Meanwhile, Wingstop had some exciting news of its own for investors. In late October, the Wall Street Journal, citing sources close to the deal, broke a story that the company is planning an initial public offering. The IPO could raise around $100 million and value the company at approximately $500 million, reports say.
The announcement came on the heels of other reports that the company has been tinkering with its image, exploring prototypes that would update the decor and allow for larger seating areas. Internationally, the company has already been opening stores that are upscale and more like a full-service restaurant.
Wingstop Sports, as the new units are called, have also been tested in the United States. There are only a few of them so far, with the most recent opened in South Gate, Calif., this summer. Seeming to take a page from Buffalo Wild Wings’ playbook, the new stores combine the chain’s signature wings with an expanded menu, more seating options and a stronger emphasis on sports with a variety of high-definition TVs for watching events.
Buffalo Wild Wings has already undergone a facelift. In 2012, both the logo and restaurant designs were refreshed and the words “Bar & Grill” were removed from the name to more accurately reflect the customer experience, the company said. The newest restaurant designs are intended to make sports front and center with what the company hopes is a “stadium-like atmosphere,” according to reports.

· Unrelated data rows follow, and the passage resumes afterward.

lemma Ham_diff_empty:
  assumes "A \<subseteq> lattice N n"
  shows "Ham N n J h A - Ham N n J h {} =
         (\<Sum>(v, w)\<in>A \<times> (lattice N n - A). J (hdist N v w)) - h * card A"
proof -
  define L where "L = lattice N n"
  define P where "P = {(v, w). v \<in> L \<and> w \<in> L \<and> v < w}"
  define g where "g = (\<lambda>(v, w). J (hdist N v w))"
  define B where "B = {x \<in> P. (fst x \<in> A) \<noteq> (snd x \<in> A)}"
  have fin: "finite L" "finite P"
    unfolding L_def P_def by (auto intro: finite_subset[of _ "lattice N n \<times> lattice N n"])
  have field: "(\<Sum>v\<in>L. spin A v) - (\<Sum>v\<in>L. spin {} v) = 2 * card A"
  proof -
    have "(\<Sum>v\<in>L. spin A v) - (\<Sum>v\<in>L. spin {} v) = (\<Sum>v\<in>L. if v \<in> A then 2 else 0)"
      unfolding sum_subtractf[symmetric] by (intro sum.cong) (auto simp: spin_def)
    also have "\<dots> = 2 * card A"
      using assms fin(1) by (simp add: sum.If_cases L_def Int_absorb1)
    finally show ?thesis .
  qed
  have bonds: "(\<Sum>(v, w)\<in>P. J (hdist N v w) * spin A v * spin A w)
      - (\<Sum>(v, w)\<in>P. J (hdist N v w) * spin {} v * spin {} w) = -2 * sum g B"
  proof -
    have "(\<Sum>(v, w)\<in>P. J (hdist N v w) * spin A v * spin A w)
        - (\<Sum>(v, w)\<in>P. J (hdist N v w) * spin {} v * spin {} w)
        = (\<Sum>x\<in>P. -2 * (if (fst x \<in> A) \<noteq> (snd x \<in> A) then g x else 0))"
      unfolding sum_subtractf[symmetric] by (intro sum.cong) (auto simp: spin_def g_def)
    also have "\<dots> = -2 * sum g B"
      unfolding B_def sum.inter_filter[OF fin(2)] sum_distrib_left ..
    finally show ?thesis .
  qed
  \<comment> \<open>sorting the two endpoints matches each boundary bond with exactly one unordered pair\<close>
  have "bij_betw (\<lambda>(v, w). (min v w, max v w)) (A \<times> (L - A)) B"
    unfolding B_def P_def using bij_betw_sort_pair assms L_def by blast
  then have "sum g B = (\<Sum>(v, w)\<in>A \<times> (L - A). g (min v w, max v w))"
    by (simp add: sum.reindex_bij_betw[symmetric] case_prod_beta)
  also have "\<dots> = sum g (A \<times> (L - A))"
    by (intro sum.cong) (auto simp: g_def min_def max_def hdist_sym)
  finally have "sum g B = sum g (A \<times> (L - A))" .
  then show ?thesis
    using field bonds unfolding Ham_def P_def L_def g_def by (simp add: algebra_simps)
qed

section \<open>Lower bound on the energy of small droplets\<close>

lemma sum_threshold_swap:
  fixes c :: "nat \<Rightarrow> real"
  assumes "finite S"
  shows "(\<Sum>x\<in>S. \<Sum>k\<in>K. if d x \<le> k then c k else 0) = (\<Sum>k\<in>K. c k * card {x \<in> S. d x \<le> k})"
proof -
  have "(\<Sum>x\<in>S. if d x \<le> k then c k else 0) = c k * card {x \<in> S. d x \<le> k}" for k
    using sum.inter_filter[OF assms, of "\<lambda>_. c k" "\<lambda>x. d x \<le> k"] by (simp add: mult.commute)
  then show ?thesis by (subst sum.swap) simp
qed
lemma int_scale_add_left: "int_scale (a + b) x = int_scale a x + int_scale b x"
proof -
  have "a + b = int (nat a + nat b) - int (nat (- a) + nat (- b))"
    by simp
  then have "int_scale (a + b) x = nat_scale (nat a + nat b) x - nat_scale (nat (- a) + nat (- b)) x"
    by (metis int_scale_diff_of_nat)
  then show ?thesis
    by (simp add: int_scale_def nat_scale_add_left)
qed

lemma int_scale_zero_left [simp]: "int_scale 0 x = 0"
  by (simp add: int_scale_def)

lemma int_scale_one [simp]: "int_scale 1 x = x"
  by (simp add: int_scale_def)

lemma int_scale_zero_right [simp]: "int_scale k 0 = 0"
  by (simp add: int_scale_def)

lemma int_scale_minus_left: "int_scale (- k) x = - int_scale k x"
  by (simp add: int_scale_def)

lemma int_scale_diff_left: "int_scale (a - b) x = int_scale a x - int_scale b x"
  using int_scale_add_left [of a "- b" x] by (simp add: int_scale_minus_left)

lemma int_scale_add_right: "int_scale k (x + y) = int_scale k x + int_scale k y"
  by (simp add: int_scale_def nat_scale_add_right algebra_simps)

lemma int_scale_int_scale: "int_scale a (int_scale b x) = int_scale (a * b) x"
  by (induction a rule: int_induct [of _ 0])
    (simp_all add: int_scale_add_left int_scale_diff_left algebra_simps)

lemma int_scale_sum_right: "int_scale k (\<Sum>t\<in>S. f t) = (\<Sum>t\<in>S. int_scale k (f t))"
  by (induction S rule: infinite_finite_induct) (simp_all add: int_scale_add_right)

lemma int_scale_abs_eq_0: "int_scale k x = 0 \<Longrightarrow> int_scale \<bar>k\<bar> x = 0"
  by (cases "0 \<le> k") (simp_all add: int_scale_minus_left)

lemma torsion_free_int_scale_eq_0:
  fixes x :: "'b::ab_group_add"
  assumes "torsion_free TYPE('b)" "k \<noteq> 0" "int_scale k x = 0"
  shows "x = 0"
proof -
  have "nat_scale (nat \<bar>k\<bar>) x = 0"
    using int_scale_abs_eq_0 [OF assms(3)] by (metis abs_ge_zero int_nat_eq int_scale_of_nat)
  moreover have "0 < nat \<bar>k\<bar>"
    using assms(2) by simp
  ultimately show ?thesis
    using assms(1) unfolding torsion_free_def nat_scale_eq_funpow by blast
qed

lemma inj_int_scale:
  assumes "\<And>k. int_scale k g = 0 \<Longrightarrow> k = 0"
  shows "inj (\<lambda>k. int_scale k g)"
proof (rule injI)
  fix a b
  assume "int_scale a g = int_scale b g"
  then have "int_scale (a - b) g = 0"
    by (simp add: int_scale_diff_left)
  then have "a - b = 0"
    by (rule assms)
  then show "a = b"
    by simp
qed

section \<open>Subgroups generated by finite sets\<close>

text \<open>Only meaningful for finite S: an infinite sum is 0.\<close>

definition int_span :: "'a::ab_group_add set \<Rightarrow> 'a set" where
  "int_span S = {y. \<exists>c. y = (\<Sum>t\<in>S. int_scale (c t) t)}"

lemma int_span_empty [simp]: "int_span {} = {0}"
  by (simp add: int_span_def)

lemma zero_mem_int_span [simp]: "0 \<in> int_span S"
  unfolding int_span_def by (auto intro: exI [of _ "\<lambda>_. 0"])

lemma int_span_add:
  assumes "x \<in> int_span S" "y \<in> int_span S"
  shows "x + y \<in> int_span S"
proof -
  obtain c d where "x = (\<Sum>t\<in>S. int_scale (c t) t)" "y = (\<Sum>t\<in>S. int_scale (d t) t)"
    using assms unfolding int_span_def by blast
  then have "x + y = (\<Sum>t\<in>S. int_scale (c t + d t) t)"
    by (simp add: int_scale_add_left sum.distrib)
  then show ?thesis
    unfolding int_span_def by auto
qed

lemma int_span_int_scale:
  assumes "x \<in> int_span S"
  shows "int_scale k x \<in> int_span S"
proof -
  obtain c where "x = (\<Sum>t\<in>S. int_scale (c t) t)"
    using assms unfolding int_span_def by blast
  then have "int_scale k x = (\<Sum>t\<in>S. int_scale (k * c t) t)"
    by (simp add: int_scale_sum_right int_scale_int_scale)
  then show ?thesis
    unfolding int_span_def by auto
qed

Dining trends bode well for growth of both Wingstop and Buffalo Wild Wings. Chicken offerings are showing up on more restaurant menus as consumers look for healthier options and move away from red meat. Buffalo Wild Wings’ investment in Rusty Taco is also seen as a smart move by some analysts because Mexican is one of the fast-growing categories in fast-casual dining. Still, if the cost of traditional chicken wings continues to rise, as it did this year, it could take a bite out of the brands’ otherwise steady sales growth.